==== SOURCE INFORMATION

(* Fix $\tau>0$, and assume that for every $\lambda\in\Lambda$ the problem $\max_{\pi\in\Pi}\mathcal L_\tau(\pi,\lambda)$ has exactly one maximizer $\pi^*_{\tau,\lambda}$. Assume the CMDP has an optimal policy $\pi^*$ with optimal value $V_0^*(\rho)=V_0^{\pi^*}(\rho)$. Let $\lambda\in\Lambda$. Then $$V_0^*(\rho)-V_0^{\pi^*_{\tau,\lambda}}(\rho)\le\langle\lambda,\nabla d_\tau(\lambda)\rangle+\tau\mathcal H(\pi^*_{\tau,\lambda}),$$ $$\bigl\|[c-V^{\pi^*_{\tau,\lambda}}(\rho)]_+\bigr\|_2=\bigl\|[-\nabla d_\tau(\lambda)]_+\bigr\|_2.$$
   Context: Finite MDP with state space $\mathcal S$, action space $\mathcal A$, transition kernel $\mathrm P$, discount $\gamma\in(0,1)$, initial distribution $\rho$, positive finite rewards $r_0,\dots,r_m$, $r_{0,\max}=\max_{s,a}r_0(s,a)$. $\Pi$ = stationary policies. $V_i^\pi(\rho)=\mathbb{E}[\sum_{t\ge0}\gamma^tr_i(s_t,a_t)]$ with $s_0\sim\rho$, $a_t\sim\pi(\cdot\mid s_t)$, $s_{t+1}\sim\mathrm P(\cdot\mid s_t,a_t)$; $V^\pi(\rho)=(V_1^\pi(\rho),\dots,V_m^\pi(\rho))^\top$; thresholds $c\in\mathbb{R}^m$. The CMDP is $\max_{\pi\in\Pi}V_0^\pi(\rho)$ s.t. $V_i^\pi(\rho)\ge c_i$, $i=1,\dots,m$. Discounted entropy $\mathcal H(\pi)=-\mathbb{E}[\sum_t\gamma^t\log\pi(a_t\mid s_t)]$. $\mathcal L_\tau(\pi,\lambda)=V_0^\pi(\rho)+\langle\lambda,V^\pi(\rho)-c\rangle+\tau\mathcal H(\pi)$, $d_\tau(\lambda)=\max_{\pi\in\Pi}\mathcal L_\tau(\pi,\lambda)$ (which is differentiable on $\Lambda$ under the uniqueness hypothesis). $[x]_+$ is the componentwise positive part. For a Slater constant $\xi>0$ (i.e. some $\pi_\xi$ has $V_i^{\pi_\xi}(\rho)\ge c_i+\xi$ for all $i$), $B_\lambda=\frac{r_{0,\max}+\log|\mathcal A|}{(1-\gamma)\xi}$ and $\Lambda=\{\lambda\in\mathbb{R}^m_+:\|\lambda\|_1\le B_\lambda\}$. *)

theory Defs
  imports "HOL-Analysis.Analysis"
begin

========
==== SOURCE INFORMATION

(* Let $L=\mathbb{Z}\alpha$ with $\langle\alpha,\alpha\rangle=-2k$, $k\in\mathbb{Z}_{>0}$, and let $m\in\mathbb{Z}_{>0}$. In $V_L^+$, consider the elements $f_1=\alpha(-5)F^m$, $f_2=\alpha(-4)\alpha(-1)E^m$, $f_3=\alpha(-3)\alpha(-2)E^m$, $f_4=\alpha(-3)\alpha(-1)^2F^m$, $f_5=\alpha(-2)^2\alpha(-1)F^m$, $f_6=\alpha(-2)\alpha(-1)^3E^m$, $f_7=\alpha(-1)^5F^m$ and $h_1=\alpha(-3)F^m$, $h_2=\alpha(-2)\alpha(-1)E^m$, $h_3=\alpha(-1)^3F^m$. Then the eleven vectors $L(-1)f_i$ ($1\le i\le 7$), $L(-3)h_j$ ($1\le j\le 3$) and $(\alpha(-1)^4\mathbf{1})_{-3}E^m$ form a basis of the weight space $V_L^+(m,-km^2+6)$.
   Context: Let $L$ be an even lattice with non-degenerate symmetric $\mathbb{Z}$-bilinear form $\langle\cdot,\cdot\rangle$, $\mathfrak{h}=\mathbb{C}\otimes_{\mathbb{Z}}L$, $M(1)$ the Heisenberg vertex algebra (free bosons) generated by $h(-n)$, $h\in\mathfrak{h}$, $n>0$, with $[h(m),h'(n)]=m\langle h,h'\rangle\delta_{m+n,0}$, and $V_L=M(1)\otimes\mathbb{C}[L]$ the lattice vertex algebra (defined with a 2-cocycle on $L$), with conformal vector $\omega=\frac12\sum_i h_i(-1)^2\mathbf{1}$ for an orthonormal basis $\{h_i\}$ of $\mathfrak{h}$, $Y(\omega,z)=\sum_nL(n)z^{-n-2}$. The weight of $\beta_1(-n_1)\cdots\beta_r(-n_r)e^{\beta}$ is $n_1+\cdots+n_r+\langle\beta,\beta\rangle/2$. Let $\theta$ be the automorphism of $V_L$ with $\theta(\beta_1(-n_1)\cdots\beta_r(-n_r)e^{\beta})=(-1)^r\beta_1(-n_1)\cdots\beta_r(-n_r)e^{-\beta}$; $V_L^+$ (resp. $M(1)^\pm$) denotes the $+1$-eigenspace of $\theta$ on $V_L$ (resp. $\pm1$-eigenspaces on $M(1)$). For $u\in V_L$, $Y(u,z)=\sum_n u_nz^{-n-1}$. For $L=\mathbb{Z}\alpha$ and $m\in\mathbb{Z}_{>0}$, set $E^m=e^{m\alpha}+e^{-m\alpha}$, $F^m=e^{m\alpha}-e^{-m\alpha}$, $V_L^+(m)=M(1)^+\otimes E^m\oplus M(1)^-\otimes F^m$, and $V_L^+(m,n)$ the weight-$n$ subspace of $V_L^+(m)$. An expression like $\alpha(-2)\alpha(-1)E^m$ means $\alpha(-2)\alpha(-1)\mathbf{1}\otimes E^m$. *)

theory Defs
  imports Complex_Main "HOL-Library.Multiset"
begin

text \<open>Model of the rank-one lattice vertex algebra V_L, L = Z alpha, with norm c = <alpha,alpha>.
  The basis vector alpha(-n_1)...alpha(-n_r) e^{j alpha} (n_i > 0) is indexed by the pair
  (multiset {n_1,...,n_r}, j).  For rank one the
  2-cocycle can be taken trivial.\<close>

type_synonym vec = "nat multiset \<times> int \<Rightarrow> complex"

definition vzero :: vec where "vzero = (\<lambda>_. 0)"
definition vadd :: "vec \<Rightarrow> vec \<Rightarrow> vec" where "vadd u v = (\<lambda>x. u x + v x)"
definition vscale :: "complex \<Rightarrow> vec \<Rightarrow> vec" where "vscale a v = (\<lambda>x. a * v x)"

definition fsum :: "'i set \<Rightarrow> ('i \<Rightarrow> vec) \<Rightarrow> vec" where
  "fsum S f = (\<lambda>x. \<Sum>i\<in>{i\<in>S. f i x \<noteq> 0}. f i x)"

========
==== SOURCE INFORMATION

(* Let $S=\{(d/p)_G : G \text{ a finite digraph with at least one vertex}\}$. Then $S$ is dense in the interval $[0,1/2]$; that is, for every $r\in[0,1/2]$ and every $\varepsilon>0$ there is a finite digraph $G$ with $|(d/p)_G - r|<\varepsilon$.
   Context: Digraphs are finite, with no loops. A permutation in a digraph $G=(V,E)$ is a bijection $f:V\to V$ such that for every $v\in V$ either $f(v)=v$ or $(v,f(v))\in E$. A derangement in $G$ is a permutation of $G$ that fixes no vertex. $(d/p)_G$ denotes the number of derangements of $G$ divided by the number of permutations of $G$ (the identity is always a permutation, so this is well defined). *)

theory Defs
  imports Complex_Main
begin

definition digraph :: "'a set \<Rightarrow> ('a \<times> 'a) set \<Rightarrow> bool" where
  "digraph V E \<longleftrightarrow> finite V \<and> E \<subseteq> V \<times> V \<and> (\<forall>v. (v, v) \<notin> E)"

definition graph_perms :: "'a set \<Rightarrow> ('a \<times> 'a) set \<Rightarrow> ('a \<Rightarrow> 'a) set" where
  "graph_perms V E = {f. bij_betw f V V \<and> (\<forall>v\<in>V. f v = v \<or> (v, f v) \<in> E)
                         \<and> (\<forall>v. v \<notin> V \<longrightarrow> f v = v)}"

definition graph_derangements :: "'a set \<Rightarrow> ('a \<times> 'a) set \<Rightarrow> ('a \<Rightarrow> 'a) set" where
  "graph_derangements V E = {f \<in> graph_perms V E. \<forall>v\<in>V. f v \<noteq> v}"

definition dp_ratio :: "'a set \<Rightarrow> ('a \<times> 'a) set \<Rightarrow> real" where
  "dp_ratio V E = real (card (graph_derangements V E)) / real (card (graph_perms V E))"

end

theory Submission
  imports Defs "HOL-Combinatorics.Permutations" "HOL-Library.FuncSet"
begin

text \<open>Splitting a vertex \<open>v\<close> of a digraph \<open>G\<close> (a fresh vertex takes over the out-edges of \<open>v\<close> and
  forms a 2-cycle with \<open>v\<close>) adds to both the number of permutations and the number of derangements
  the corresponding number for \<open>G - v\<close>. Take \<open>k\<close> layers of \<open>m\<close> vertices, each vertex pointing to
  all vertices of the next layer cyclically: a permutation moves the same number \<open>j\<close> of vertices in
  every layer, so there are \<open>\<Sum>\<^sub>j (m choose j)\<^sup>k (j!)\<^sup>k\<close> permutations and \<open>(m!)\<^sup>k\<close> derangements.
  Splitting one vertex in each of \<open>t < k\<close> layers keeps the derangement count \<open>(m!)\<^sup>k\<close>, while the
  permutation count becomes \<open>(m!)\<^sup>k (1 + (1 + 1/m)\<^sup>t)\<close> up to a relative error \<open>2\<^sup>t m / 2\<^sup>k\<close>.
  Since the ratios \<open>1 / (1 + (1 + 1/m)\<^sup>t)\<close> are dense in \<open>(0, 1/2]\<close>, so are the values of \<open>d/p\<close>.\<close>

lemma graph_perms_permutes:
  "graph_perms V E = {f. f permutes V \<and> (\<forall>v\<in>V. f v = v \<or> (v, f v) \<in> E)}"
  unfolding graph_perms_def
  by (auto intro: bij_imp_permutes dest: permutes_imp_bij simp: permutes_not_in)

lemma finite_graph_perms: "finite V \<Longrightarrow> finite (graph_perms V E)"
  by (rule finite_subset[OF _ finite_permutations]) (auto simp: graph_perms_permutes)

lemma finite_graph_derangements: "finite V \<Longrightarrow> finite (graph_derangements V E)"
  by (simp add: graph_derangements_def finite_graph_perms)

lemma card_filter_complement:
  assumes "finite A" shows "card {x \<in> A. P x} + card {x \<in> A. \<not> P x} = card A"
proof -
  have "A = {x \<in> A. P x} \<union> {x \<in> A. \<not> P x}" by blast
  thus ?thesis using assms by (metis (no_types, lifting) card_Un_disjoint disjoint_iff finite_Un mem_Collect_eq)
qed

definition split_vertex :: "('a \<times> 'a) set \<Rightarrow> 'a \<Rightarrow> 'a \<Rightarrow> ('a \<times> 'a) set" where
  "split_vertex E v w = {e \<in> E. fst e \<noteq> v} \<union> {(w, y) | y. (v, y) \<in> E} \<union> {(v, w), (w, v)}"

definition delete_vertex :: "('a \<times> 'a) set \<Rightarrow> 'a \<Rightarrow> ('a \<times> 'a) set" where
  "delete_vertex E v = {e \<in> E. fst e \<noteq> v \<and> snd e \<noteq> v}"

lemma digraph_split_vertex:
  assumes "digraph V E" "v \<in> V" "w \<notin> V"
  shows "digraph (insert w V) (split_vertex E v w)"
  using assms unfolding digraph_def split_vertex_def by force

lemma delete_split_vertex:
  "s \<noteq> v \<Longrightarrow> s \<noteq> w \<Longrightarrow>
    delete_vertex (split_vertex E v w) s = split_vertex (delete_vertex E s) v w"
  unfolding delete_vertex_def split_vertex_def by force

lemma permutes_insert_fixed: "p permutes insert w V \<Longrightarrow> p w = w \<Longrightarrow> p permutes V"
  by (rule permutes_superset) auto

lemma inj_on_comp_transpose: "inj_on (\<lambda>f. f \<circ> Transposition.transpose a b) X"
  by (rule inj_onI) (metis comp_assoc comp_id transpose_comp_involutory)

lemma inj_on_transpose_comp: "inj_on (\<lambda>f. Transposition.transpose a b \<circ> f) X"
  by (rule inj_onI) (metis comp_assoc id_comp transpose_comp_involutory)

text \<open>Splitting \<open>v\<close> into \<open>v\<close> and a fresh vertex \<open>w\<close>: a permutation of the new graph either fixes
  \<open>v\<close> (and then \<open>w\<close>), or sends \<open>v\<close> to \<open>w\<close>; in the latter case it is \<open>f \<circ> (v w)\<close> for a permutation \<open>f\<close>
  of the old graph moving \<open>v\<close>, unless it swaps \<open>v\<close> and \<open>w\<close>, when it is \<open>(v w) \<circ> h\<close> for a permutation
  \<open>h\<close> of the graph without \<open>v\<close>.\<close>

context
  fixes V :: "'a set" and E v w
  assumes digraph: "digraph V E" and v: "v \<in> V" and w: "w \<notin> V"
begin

========

▸ **ACTIVITY**
From the records above, retype only the lines starting at the line that contains "text \<open>Model of" and ending at the line that contains "(\<lambda>x. a *", both included.

▸ **ANSWER FOR THIS EXERCISE**
text \<open>Model of the rank-one lattice vertex algebra V_L, L = Z alpha, with norm c = <alpha,alpha>.
  The basis vector alpha(-n_1)...alpha(-n_r) e^{j alpha} (n_i > 0) is indexed by the pair
  (multiset {n_1,...,n_r}, j).  For rank one the
  2-cocycle can be taken trivial.\<close>

type_synonym vec = "nat multiset \<times> int \<Rightarrow> complex"

definition vzero :: vec where "vzero = (\<lambda>_. 0)"
definition vadd :: "vec \<Rightarrow> vec \<Rightarrow> vec" where "vadd u v = (\<lambda>x. u x + v x)"
definition vscale :: "complex \<Rightarrow> vec \<Rightarrow> vec" where "vscale a v = (\<lambda>x. a * v x)"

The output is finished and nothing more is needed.